_Given data_
-- -- --

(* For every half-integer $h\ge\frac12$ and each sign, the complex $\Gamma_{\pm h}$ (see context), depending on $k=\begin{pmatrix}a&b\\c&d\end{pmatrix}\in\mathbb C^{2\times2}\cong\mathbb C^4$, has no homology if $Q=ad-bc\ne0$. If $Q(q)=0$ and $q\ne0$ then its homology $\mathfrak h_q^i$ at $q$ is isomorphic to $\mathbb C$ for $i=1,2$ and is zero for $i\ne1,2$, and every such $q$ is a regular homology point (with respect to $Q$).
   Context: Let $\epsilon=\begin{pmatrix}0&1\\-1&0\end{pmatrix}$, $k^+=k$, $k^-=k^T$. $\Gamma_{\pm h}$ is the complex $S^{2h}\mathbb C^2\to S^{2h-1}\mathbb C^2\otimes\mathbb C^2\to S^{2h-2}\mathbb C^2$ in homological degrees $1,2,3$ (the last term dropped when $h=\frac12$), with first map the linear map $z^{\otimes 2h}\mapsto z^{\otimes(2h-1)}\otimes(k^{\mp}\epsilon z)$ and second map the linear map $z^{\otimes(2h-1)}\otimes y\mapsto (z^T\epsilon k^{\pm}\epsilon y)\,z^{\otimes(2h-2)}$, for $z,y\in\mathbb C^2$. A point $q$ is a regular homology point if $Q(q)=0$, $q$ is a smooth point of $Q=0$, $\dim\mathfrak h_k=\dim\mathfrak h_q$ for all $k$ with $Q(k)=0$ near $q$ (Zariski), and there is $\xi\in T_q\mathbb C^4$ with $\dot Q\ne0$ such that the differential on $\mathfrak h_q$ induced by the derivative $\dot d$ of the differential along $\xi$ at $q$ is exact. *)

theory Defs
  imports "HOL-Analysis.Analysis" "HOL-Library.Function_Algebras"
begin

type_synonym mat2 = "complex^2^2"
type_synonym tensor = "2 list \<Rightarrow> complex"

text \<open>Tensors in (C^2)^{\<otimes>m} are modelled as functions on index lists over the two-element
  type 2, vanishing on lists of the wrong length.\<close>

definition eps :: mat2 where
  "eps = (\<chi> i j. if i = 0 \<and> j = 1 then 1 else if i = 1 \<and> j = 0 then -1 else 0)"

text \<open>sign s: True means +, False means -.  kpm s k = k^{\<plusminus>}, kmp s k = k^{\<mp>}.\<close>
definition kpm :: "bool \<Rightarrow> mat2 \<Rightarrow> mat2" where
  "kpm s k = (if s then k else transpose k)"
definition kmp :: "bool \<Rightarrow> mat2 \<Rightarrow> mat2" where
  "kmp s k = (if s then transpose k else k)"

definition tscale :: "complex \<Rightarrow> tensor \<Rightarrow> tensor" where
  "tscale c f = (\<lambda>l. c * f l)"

-- -- --

_Goal of the exercise_
When you reach the line that holds "definition eps :: mat2 where", please copy it and every line after it through the end of the listing, exactly and with no other lines.

_Answer below_
definition eps :: mat2 where
  "eps = (\<chi> i j. if i = 0 \<and> j = 1 then 1 else if i = 1 \<and> j = 0 then -1 else 0)"

text \<open>sign s: True means +, False means -.  kpm s k = k^{\<plusminus>}, kmp s k = k^{\<mp>}.\<close>
definition kpm :: "bool \<Rightarrow> mat2 \<Rightarrow> mat2" where
  "kpm s k = (if s then k else transpose k)"
definition kmp :: "bool \<Rightarrow> mat2 \<Rightarrow> mat2" where
  "kmp s k = (if s then transpose k else k)"

definition tscale :: "complex \<Rightarrow> tensor \<Rightarrow> tensor" where
  "tscale c f = (\<lambda>l. c * f l)"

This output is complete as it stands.